Mirror of Justice

A blog dedicated to the development of Catholic legal theory.
Affiliated with the Program on Church, State & Society at Notre Dame Law School.

Thursday, December 20, 2007

More about the Nava hoax

As Michael notes, Francisco Nava faked, and lied about, being assaulted for his conservative views, thereby joining the depressingly-not-small rogues' gallery of hate-crime fakers.  This is sad, and bad.  That said, preening pieces like this one in The Nation are, in my view . . . not particularly helpful.

To be clear:  I'm not, at all, making a Duke-esque "it does not matter if the lacrosse players were railroaded because the charges, though false and destructive, brought to the surface important and often neglected issues of race, gender, class, and justice" argument.  (If only Duke's "Gang of 88" were as quick, or even as willing, to confess error as the "conservatives" at Princeton have been!)  There's no excuse or justification for what Nava did.  More specifically, it does not excuse or justify what Nava did that, at many of our most elite universities, The Nation's sarcasm and Nava's hoax notwitstanding, there is often a "double standard" that disadvantages "conservative" ideas, students, speakers, academic-job-seekers, and faculty.

It is also too bad that that hoax provided an occasion for The Nation writer's detour into cut-and-pasted conspiracy theorizing about Robby George, the James Madison Program, and "right-wing foundations and a shadowy web of front groups for the Catholic cult known as Opus Dei."  (The writer forgot the albino monks in Prof. George's basement!)  If one of the lessons of l'affair Nava is that the pitched-culture-war character of many on-campus (and off) debates is not particularly conducive to careful debate and enlightening conversation, this lesson seems entirely lost on the folks at The Nation.

Finally, it could be that the writer has some facts not quite right.  He writes:

George also congratulated himself for his own calmness in the crisis and sharp-wittedness in uncovering the fraud. "Within seventy-two hours," he said, "we were able to expose this as a hoax."

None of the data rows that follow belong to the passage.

definition int_dot :: "int list \<Rightarrow> int list \<Rightarrow> int" where
  "int_dot x y = (\<Sum>k<8. x ! k * y ! k)"

definition mat_vec :: "int list list \<Rightarrow> int list \<Rightarrow> int list" where
  "mat_vec M x = map (\<lambda>k. \<Sum>j<8. M ! k ! j * x ! j) [0..<8]"

definition mat_mult :: "int list list \<Rightarrow> int list list \<Rightarrow> int list list" where
  "mat_mult A B = map (\<lambda>k. map (\<lambda>j. \<Sum>l<8. A ! k ! l * B ! l ! j) [0..<8]) [0..<8]"

definition scalar_mat :: "int \<Rightarrow> int list list" where
  "scalar_mat d = map (\<lambda>k. map (\<lambda>j. if k = j then d else 0) [0..<8]) [0..<8]"

definition refl_mat :: "int list \<Rightarrow> int list list" where
  "refl_mat x =
     map (\<lambda>k. map (\<lambda>j. (if k = j then int_dot x x else 0) - 2 * x ! k * x ! j) [0..<8]) [0..<8]"

definition same_frac_vec :: "int \<Rightarrow> int list \<Rightarrow> int \<Rightarrow> int list \<Rightarrow> bool" where
  "same_frac_vec d x d' y \<longleftrightarrow> list_all (\<lambda>k. x ! k * d' = y ! k * d) [0..<8]"

definition same_frac_mat :: "int \<Rightarrow> int list list \<Rightarrow> int \<Rightarrow> int list list \<Rightarrow> bool" where
  "same_frac_mat d A d' B \<longleftrightarrow>
     list_all (\<lambda>k. list_all (\<lambda>j. A ! k ! j * d' = B ! k ! j * d) [0..<8]) [0..<8]"

lemma sum_atLeast_1_shift: "(\<Sum>j\<in>{1..n::nat}. f (j - 1)) = (\<Sum>j<n. f j)"
  by (induction n) (simp_all add: sum.lessThan_Suc)

lemma nth_mat_vec: "k < 8 \<Longrightarrow> mat_vec M x ! k = (\<Sum>j<8. M ! k ! j * x ! j)"
  by (simp add: mat_vec_def)

lemma nth_mat_mult: "k < 8 \<Longrightarrow> j < 8 \<Longrightarrow> mat_mult A B ! k ! j = (\<Sum>l<8. A ! k ! l * B ! l ! j)"
  by (simp add: mat_mult_def)

lemma frac_vec_eqI:
  assumes "\<And>k. k \<in> {1..8} \<Longrightarrow> v k = frac_vec d x k" and "\<And>k. k \<notin> {1..8} \<Longrightarrow> v k = 0"
  shows "v = frac_vec d x"
proof
  fix k
  show "v k = frac_vec d x k"
    using assms by (cases "k \<in> {1..8}") (auto simp: frac_vec_def)
qed

lemma frac_vec_inj:
  assumes "frac_vec d x = frac_vec d y" "d \<noteq> 0" "length x = 8" "length y = 8"
  shows "x = y"
proof (rule nth_equalityI)
  show "length x = length y"
    using assms by simp
  fix k
  assume "k < length x"
  moreover have "frac_vec d x (Suc k) = frac_vec d y (Suc k)"
    using assms(1) by simp
  ultimately show "x ! k = y ! k"
    using assms by (simp add: frac_vec_def)
qed

lemma same_frac_vec_eq:
  assumes "d \<noteq> 0" "d' \<noteq> 0" "same_frac_vec d x d' y"
  shows "frac_vec d x = frac_vec d' y"
proof
  fix k
  show "frac_vec d x k = frac_vec d' y k"
  proof (cases "k \<in> {1..8}")
    case True
    then have "x ! (k - 1) * d' = y ! (k - 1) * d"
      using assms(3) by (auto simp: same_frac_vec_def list_all_iff)
    then have "real_of_int (x ! (k - 1)) * of_int d' = of_int (y ! (k - 1)) * of_int d"
      by (metis of_int_mult)
    then show ?thesis
      using True assms by (simp add: frac_vec_def field_simps)
  qed (auto simp: frac_vec_def)
qed

lemma same_frac_mat_eq:
  assumes "d \<noteq> 0" "d' \<noteq> 0" "same_frac_mat d A d' B"
  shows "frac_mat d A = frac_mat d' B"
proof (intro ext)
  fix v k
  show "frac_mat d A v k = frac_mat d' B v k"
  proof (cases "k \<in> {1..8}")
    case True
    have "real_of_int (A ! (k - 1) ! (j - 1)) / of_int d =
        of_int (B ! (k - 1) ! (j - 1)) / of_int d'"
      if "j \<in> {1..8}" for j
    proof -
      have "A ! (k - 1) ! (j - 1) * d' = B ! (k - 1) ! (j - 1) * d"
        using True that assms(3) by (auto simp: same_frac_mat_def list_all_iff)
      then have "real_of_int (A ! (k - 1) ! (j - 1)) * of_int d' =
          of_int (B ! (k - 1) ! (j - 1)) * of_int d"
        by (metis of_int_mult)
      then show ?thesis
        using assms by (simp add: field_simps)
    qed
    then show ?thesis
      using True by (simp add: frac_mat_def)
  qed (auto simp: frac_mat_def)
qed

lemma frac_mat_scalar: "d \<noteq> 0 \<Longrightarrow> frac_mat d (scalar_mat d) = id"
proof (intro ext)
  fix v k
  assume "d \<noteq> 0"
  show "frac_mat d (scalar_mat d) v k = id v k"
  proof (cases "k \<in> {1..8}")
    case True
    have "frac_mat d (scalar_mat d) v k =
        (\<Sum>j\<in>{1..8}. of_int (scalar_mat d ! (k - 1) ! (j - 1)) / of_int d * v j)"
      using True by (simp add: frac_mat_def)
    also have "\<dots> = (\<Sum>j\<in>{1..8}. if k = j then v j else 0)"
      using True \<open>d \<noteq> 0\<close> by (intro sum.cong) (auto simp: scalar_mat_def)
    also have "\<dots> = v k"
      using True by simp
    finally show ?thesis
      by simp
  qed (auto simp: frac_mat_def)
qed

lemma frac_mat_comp:
  assumes "a \<noteq> 0" "b \<noteq> 0"
  shows "frac_mat a A \<circ> frac_mat b B = frac_mat (a * b) (mat_mult A B)"
proof (intro ext)
  fix v k
  show "(frac_mat a A \<circ> frac_mat b B) v k = frac_mat (a * b) (mat_mult A B) v k"
  proof (cases "k \<in> {1..8}")
    case True
    have "(frac_mat a A \<circ> frac_mat b B) v k =
        (\<Sum>l\<in>{1..8}. of_int (A ! (k - 1) ! (l - 1)) / of_int a *
           (\<Sum>j\<in>{1..8}. of_int (B ! (l - 1) ! (j - 1)) / of_int b * v j))"
      using True by (simp add: frac_mat_def)
    also have "\<dots> = (\<Sum>j\<in>{1..8}. \<Sum>l\<in>{1..8}. of_int (A ! (k - 1) ! (l - 1)) / of_int a *
           (of_int (B ! (l - 1) ! (j - 1)) / of_int b * v j))"
      by (simp add: sum_distrib_left, rule sum.swap)
    also have "\<dots> = (\<Sum>j\<in>{1..8}. of_int (mat_mult A B ! (k - 1) ! (j - 1)) / of_int (a * b) * v j)"
    proof (rule sum.cong[OF refl])
      fix j :: nat
      assume j: "j \<in> {1..8}"
      have "mat_mult A B ! (k - 1) ! (j - 1) = (\<Sum>l<8. A ! (k - 1) ! l * B ! l ! (j - 1))"
        using True j by (intro nth_mat_mult) auto
      also have "\<dots> = (\<Sum>l\<in>{1..8}. A ! (k - 1) ! (l - 1) * B ! (l - 1) ! (j - 1))"
        by (rule sum_atLeast_1_shift[symmetric])
      finally have entry: "mat_mult A B ! (k - 1) ! (j - 1) =
          (\<Sum>l\<in>{1..8}. A ! (k - 1) ! (l - 1) * B ! (l - 1) ! (j - 1))" .
      show "(\<Sum>l\<in>{1..8}. of_int (A ! (k - 1) ! (l - 1)) / of_int a *
             (of_int (B ! (l - 1) ! (j - 1)) / of_int b * v j)) =
          of_int (mat_mult A B ! (k - 1) ! (j - 1)) / of_int (a * b) * v j"
        unfolding entry of_int_sum of_int_mult using assms
        by (simp add: sum_divide_distrib sum_distrib_right mult_ac) (simp add: sum_distrib_left)
    qed
    also have "\<dots> = frac_mat (a * b) (mat_mult A B) v k"
      using True by (simp add: frac_mat_def)
    finally show ?thesis .
  qed (auto simp: frac_mat_def)
qed

lemma frac_mat_frac_vec:
  assumes "a \<noteq> 0" "d \<noteq> 0"
  shows "frac_mat a M (frac_vec d x) = frac_vec (a * d) (mat_vec M x)"
proof
  fix k
  show "frac_mat a M (frac_vec d x) k = frac_vec (a * d) (mat_vec M x) k"
  proof (cases "k \<in> {1..8}")
    case True
    have "mat_vec M x ! (k - 1) = (\<Sum>j<8. M ! (k - 1) ! j * x ! j)"
      using True by (intro nth_mat_vec) auto
    also have "\<dots> = (\<Sum>j\<in>{1..8}. M ! (k - 1) ! (j - 1) * x ! (j - 1))"
      by (rule sum_atLeast_1_shift[symmetric])
    finally show ?thesis
      using True assms by (simp add: frac_mat_def frac_vec_def sum_divide_distrib)
  qed (auto simp: frac_mat_def frac_vec_def)
qed

lemma ip_frac_vec:
  "ip (frac_vec d x) (frac_vec d' y) = of_int (int_dot x y) / (of_int d * of_int d')"
proof -
  have "ip (frac_vec d x) (frac_vec d' y) =
      (\<Sum>j\<in>{1..8}. of_int (x ! (j - 1) * y ! (j - 1))) / (of_int d * of_int d')"
    unfolding ip_def by (simp add: frac_vec_def sum_divide_distrib)
  also have "(\<Sum>j\<in>{1..8}. real_of_int (x ! (j - 1) * y ! (j - 1))) = of_int (int_dot x y)"
    unfolding int_dot_def of_int_sum by (rule sum_atLeast_1_shift)
  finally show ?thesis .
qed
lemma phiN_excess_ge:
  assumes "\<alpha> > 0" "\<beta> > 2 * \<alpha>"
  defines "c \<equiv> \<beta> + 2 * \<alpha>"
  shows "phiN \<alpha> \<beta> s y - phiN \<alpha> \<beta> s (\<lambda>k. m)
    \<ge> (\<Sum>k<s. cw_pot c (xAe \<alpha> \<beta> s y k) - cw_pot c (c * m))
      + \<alpha> * (\<beta> - 2 * \<alpha>) / (2 * c) * cyc_dirichlet s y"
proof -
  have "phiN \<alpha> \<beta> s (\<lambda>k. m) = (\<Sum>k<s. cw_pot c (c * m))"
    using phiN_const[of \<beta> \<alpha> s m] assms by simp
  then show ?thesis
    using phiN_ge_sum_cw_pot[OF assms(1,2), of s y] unfolding c_def sum_subtractf by linarith
qed

lemma near_wells_of_xAe_near_wells:
  assumes "\<alpha> > 0" "\<beta> + 2 * \<alpha> > 0" "k < s"
    and steps: "\<And>j. j < s \<Longrightarrow> \<bar>y j - y (cyc_succ s j)\<bar> < \<epsilon>"
    and "2 * \<alpha> * \<epsilon> \<le> (\<beta> + 2 * \<alpha>) * r / 4"
    and "\<bar>xAe \<alpha> \<beta> s y k - (\<beta> + 2 * \<alpha>) * m\<bar> < (\<beta> + 2 * \<alpha>) * r / 4
       \<or> \<bar>xAe \<alpha> \<beta> s y k + (\<beta> + 2 * \<alpha>) * m\<bar> < (\<beta> + 2 * \<alpha>) * r / 4"
  shows "\<bar>y k - m\<bar> < r / 2 \<or> \<bar>y k + m\<bar> < r / 2"
proof -
  define c where "c = \<beta> + 2 * \<alpha>"
  define d where "d j = y j - y (cyc_succ s j)" for j
  have "\<bar>xAe \<alpha> \<beta> s y k - c * y k\<bar> = \<alpha> * \<bar>d k - d (cyc_pred s k)\<bar>"
    using assms(1,3) by (simp add: c_def d_def xAe_eq_cyc_lap cyc_lap_def abs_mult)
  moreover have "\<bar>d k - d (cyc_pred s k)\<bar> < 2 * \<epsilon>"
    using steps[OF assms(3)] steps[OF cyc_pred_less[OF assms(3)]] assms(3)
      abs_triangle_ineq4[of "d k" "d (cyc_pred s k)"] by (simp add: d_def)
  then have "\<alpha> * \<bar>d k - d (cyc_pred s k)\<bar> < \<alpha> * (2 * \<epsilon>)"
    using assms(1) by (rule mult_strict_left_mono)
  ultimately have "\<bar>xAe \<alpha> \<beta> s y k - c * y k\<bar> < c * r / 4"
    using assms(5) by (simp add: c_def)
  then have "\<bar>c * (y k - m)\<bar> < c * (r / 2) \<or> \<bar>c * (y k + m)\<bar> < c * (r / 2)"
    using assms(6) unfolding abs_less_iff c_def by (simp add: algebra_simps) linarith
  then show ?thesis
    using assms(2) by (simp add: c_def abs_mult)
qed

lemma one_well_of_low_local_energy:
  fixes y :: "nat \<Rightarrow> real"
  assumes "\<alpha> > 0" "\<beta> + 2 * \<alpha> > 0" "r < m"
  defines "c \<equiv> \<beta> + 2 * \<alpha>"
  assumes "\<epsilon> \<le> r" "2 * \<alpha> * \<epsilon> \<le> c * r / 4"
    and gap: "\<And>t. c * r / 4 \<le> \<bar>t - c * m\<bar> \<Longrightarrow> c * r / 4 \<le> \<bar>t + c * m\<bar>
      \<Longrightarrow> cw_pot c (c * m) + \<eta> \<le> cw_pot c t"
    and steps: "\<And>k. k < s \<Longrightarrow> \<bar>y k - y (cyc_succ s k)\<bar> < \<epsilon>"
    and fields: "\<And>k. k < s \<Longrightarrow> cw_pot c (xAe \<alpha> \<beta> s y k) < cw_pot c (c * m) + \<eta>"
  shows "(\<forall>k<s. \<bar>y k - m\<bar> < r / 2) \<or> (\<forall>k<s. \<bar>y k + m\<bar> < r / 2)"
proof (rule one_well_of_small_steps)
  show "r < m"
    by fact
  fix k
  assume "k < s"
  then have "\<bar>xAe \<alpha> \<beta> s y k - c * m\<bar> < c * r / 4 \<or> \<bar>xAe \<alpha> \<beta> s y k + c * m\<bar> < c * r / 4"
    using gap[of "xAe \<alpha> \<beta> s y k"] fields[of k] by force
  then show "\<bar>y k - m\<bar> < r / 2 \<or> \<bar>y k + m\<bar> < r / 2"
    using near_wells_of_xAe_near_wells[of \<alpha> \<beta> k s y \<epsilon> r m, OF assms(1,2) \<open>k < s\<close> steps]
      assms(6) by (simp add: c_def)
next
  fix k
  assume "Suc k < s"
  then show "\<bar>y k - y (Suc k)\<bar> < r"
    using steps[of k] \<open>\<epsilon> \<le> r\<close> by (simp add: cyc_succ_def)
qed

lemma phiN_near_min_imp_one_well:
  assumes "\<alpha> > 0" "\<beta> > 2 * \<alpha>" "\<beta> + 2 * \<alpha> > 1" "0 < r" "r < m_star \<alpha> \<beta>"
  obtains \<rho> where "\<rho> > 0"
    "\<And>s y. phiN \<alpha> \<beta> s y < phiN \<alpha> \<beta> s (\<lambda>k. m_star \<alpha> \<beta>) + \<rho> \<Longrightarrow>
       (\<forall>k<s. \<bar>y k - m_star \<alpha> \<beta>\<bar> < r / 2) \<or> (\<forall>k<s. \<bar>y k + m_star \<alpha> \<beta>\<bar> < r / 2)"
proof -
  define c where "c = \<beta> + 2 * \<alpha>"
  define m where "m = m_star \<alpha> \<beta>"
  have "c > 1"
    using assms by (simp add: c_def)
  have min: "cw_pot c (c * m) \<le> cw_pot c t" for t
    using m_star_min_cw_pot(1)[OF assms(3)] by (simp add: c_def m_def)
  obtain \<eta> where "\<eta> > 0" and gap:
    "\<And>t. c * r / 4 \<le> \<bar>t - c * m\<bar> \<Longrightarrow> c * r / 4 \<le> \<bar>t + c * m\<bar> \<Longrightarrow> cw_pot c (c * m) + \<eta> \<le> cw_pot c t"
    using m_star_min_cw_pot(2)[OF assms(3), of "c * r / 4"] \<open>c > 1\<close> \<open>0 < r\<close>
    by (auto simp: c_def m_def)
  define \<epsilon> where "\<epsilon> = min r (c * r / (8 * \<alpha>))"
  define \<gamma> where "\<gamma> = \<alpha> * (\<beta> - 2 * \<alpha>) / (2 * c)"
  have "\<epsilon> > 0" "\<gamma> > 0"
    using assms \<open>c > 1\<close> by (simp_all add: \<epsilon>_def \<gamma>_def)
  have "2 * \<alpha> * \<epsilon> \<le> c * r / 4"
    using assms mult_left_mono[of \<epsilon> "c * r / (8 * \<alpha>)" "2 * \<alpha>"] by (simp add: \<epsilon>_def)
  \<comment> \<open>A bond of length at least \<open>\<epsilon>\<close> costs \<open>\<gamma> \<epsilon>\<^sup>2\<close>; a local field outside both wells costs \<open>\<eta>\<close>.\<close>
  show thesis
  proof (rule that[of "min (\<gamma> * \<epsilon>\<^sup>2) \<eta>"])
    show "min (\<gamma> * \<epsilon>\<^sup>2) \<eta> > 0"
      using \<open>\<gamma> > 0\<close> \<open>\<epsilon> > 0\<close> \<open>\<eta> > 0\<close> by simp
    fix s y
    assume "phiN \<alpha> \<beta> s y < phiN \<alpha> \<beta> s (\<lambda>k. m_star \<alpha> \<beta>) + min (\<gamma> * \<epsilon>\<^sup>2) \<eta>"
    define e where "e k = cw_pot c (xAe \<alpha> \<beta> s y k) - cw_pot c (c * m)" for k
    have e_nonneg: "0 \<le> e k" for k
      using min by (simp add: e_def)
    have "0 \<le> sum e {..<s}" "0 \<le> \<gamma> * cyc_dirichlet s y"
      using e_nonneg \<open>\<gamma> > 0\<close> by (simp_all add: sum_nonneg cyc_dirichlet_def)
    moreover have "sum e {..<s} + \<gamma> * cyc_dirichlet s y < min (\<gamma> * \<epsilon>\<^sup>2) \<eta>"
      using phiN_excess_ge[OF assms(1,2), of s y m] \<open>phiN \<alpha> \<beta> s y < _\<close>
      unfolding e_def \<gamma>_def c_def m_def by linarith
    moreover note min.cobounded1[of "\<gamma> * \<epsilon>\<^sup>2" \<eta>] min.cobounded2[of "\<gamma> * \<epsilon>\<^sup>2" \<eta>]
    ultimately have "\<gamma> * cyc_dirichlet s y < \<gamma> * \<epsilon>\<^sup>2" and "sum e {..<s} < \<eta>"
      by linarith+
    have "\<bar>y k - y (cyc_succ s k)\<bar> < \<epsilon>" if "k < s" for k
      using that \<open>\<gamma> * cyc_dirichlet s y < _\<close> \<open>\<gamma> > 0\<close> \<open>\<epsilon> > 0\<close>
        member_le_sum[of k "{..<s}" "\<lambda>k. (y k - y (cyc_succ s k))\<^sup>2"]
        power2_less_imp_less[of "\<bar>y k - y (cyc_succ s k)\<bar>" \<epsilon>]
      by (simp add: cyc_dirichlet_def)
    moreover have "cw_pot c (xAe \<alpha> \<beta> s y k) < cw_pot c (c * m) + \<eta>" if "k < s" for k
      using member_le_sum[of k "{..<s}" e] e_nonneg that \<open>sum e {..<s} < \<eta>\<close>
      by (simp add: e_def)
    ultimately show "(\<forall>k<s. \<bar>y k - m_star \<alpha> \<beta>\<bar> < r / 2) \<or> (\<forall>k<s. \<bar>y k + m_star \<alpha> \<beta>\<bar> < r / 2)"
      using one_well_of_low_local_energy[of \<alpha> \<beta> r m \<epsilon> \<eta> s y] gap assms \<open>c > 1\<close>
        \<open>2 * \<alpha> * \<epsilon> \<le> c * r / 4\<close> unfolding c_def m_def \<epsilon>_def by auto
  qed
qed

lemma DeltaN_rescaled_not_one_well:
  assumes "N \<ge> 1" "s > 0" "0 < r" "x \<in> DeltaN \<alpha> \<beta> R N s r"
  shows "\<not> ((\<forall>k<s. \<bar>sqrt (real s / real N) * x k - m_star \<alpha> \<beta>\<bar> < r / 2)
          \<or> (\<forall>k<s. \<bar>sqrt (real s / real N) * x k + m_star \<alpha> \<beta>\<bar> < r / 2))"
proof
  define c where "c = sqrt (real N / real s)"
  define m where "m = m_star \<alpha> \<beta>"
  have "c > 0"
    using assms by (simp add: c_def)
  have "c * sqrt (real s / real N) = 1"
    using assms by (simp add: c_def real_sqrt_mult[symmetric])
  then have x_eq: "x k = c * (sqrt (real s / real N) * x k)" for k
    by (simp add: mult.assoc[symmetric])
  assume "(\<forall>k<s. \<bar>sqrt (real s / real N) * x k - m_star \<alpha> \<beta>\<bar> < r / 2)
    \<or> (\<forall>k<s. \<bar>sqrt (real s / real N) * x k + m_star \<alpha> \<beta>\<bar> < r / 2)"
  then have "(\<forall>k<s. c * (m - r) \<le> x k \<and> x k \<le> c * (m + r))
      \<or> (\<forall>k<s. c * (- m - r) \<le> x k \<and> x k \<le> c * (- m + r))"
    using \<open>c > 0\<close> \<open>0 < r\<close> unfolding m_def abs_less_iff by (subst (1 2 3 4) x_eq) auto
  then show False
    using assms(4) unfolding DeltaN_def Let_def c_def[symmetric] m_def[symmetric] by blast
qed

theorem lemma7p10:
  fixes \<alpha> \<beta> R r :: real and s :: "nat \<Rightarrow> nat"
  assumes "\<beta> > 2 * \<alpha>" and "\<alpha> > 0" and "\<beta> + 2 * \<alpha> > 1"
    and "\<And>N. s N > 0"
    and "(\<lambda>N. real (s N)) \<in> o(\<lambda>N. sqrt (real N) / ln (real N))"
    and "\<And>N. R > 2 * lam_max \<alpha> \<beta> (s N) / lam_min \<alpha> \<beta> (s N)"
    and "0 < r" and "r < m_star \<alpha> \<beta>"
  shows "\<exists>\<rho>>0. \<forall>\<^sub>F N in at_top.
           \<forall>x\<in>DeltaN \<alpha> \<beta> R N (s N) r.
             phiN \<alpha> \<beta> (s N) (\<lambda>k. sqrt (real (s N) / real N) * x k)
               \<ge> phiN \<alpha> \<beta> (s N) (\<lambda>k. m_star \<alpha> \<beta>) + \<rho>"
proof -
  obtain \<rho> where "\<rho> > 0" and one_well:
    "\<And>n y. phiN \<alpha> \<beta> n y < phiN \<alpha> \<beta> n (\<lambda>k. m_star \<alpha> \<beta>) + \<rho> \<Longrightarrow>
       (\<forall>k<n. \<bar>y k - m_star \<alpha> \<beta>\<bar> < r / 2) \<or> (\<forall>k<n. \<bar>y k + m_star \<alpha> \<beta>\<bar> < r / 2)"
    using phiN_near_min_imp_one_well[OF assms(2,1,3,7,8)] by blast
  have "\<forall>x\<in>DeltaN \<alpha> \<beta> R N (s N) r.
          phiN \<alpha> \<beta> (s N) (\<lambda>k. sqrt (real (s N) / real N) * x k)
            \<ge> phiN \<alpha> \<beta> (s N) (\<lambda>k. m_star \<alpha> \<beta>) + \<rho>" if "N \<ge> 1" for N
    using one_well DeltaN_rescaled_not_one_well[OF that assms(4) assms(7)] by (meson not_less)
  then show ?thesis
    using \<open>\<rho> > 0\<close> eventually_ge_at_top[of 1] by (blast intro: eventually_mono)
qed

end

But of course, Nava's claims were never "exposed" by George or his conservative campus allies. Nava had reportedly confessed to his lying under police questioning. Only hours before George celebrated the "good sense" he and university administrators displayed, he had accused Princeton of upholding a liberal double standard. And while Princeton police investigated dubious details of the alleged assault, George broadcast his confidence in Nava's melodramatic account.

This post, over at First Things, presents a different account (scroll to the bottom).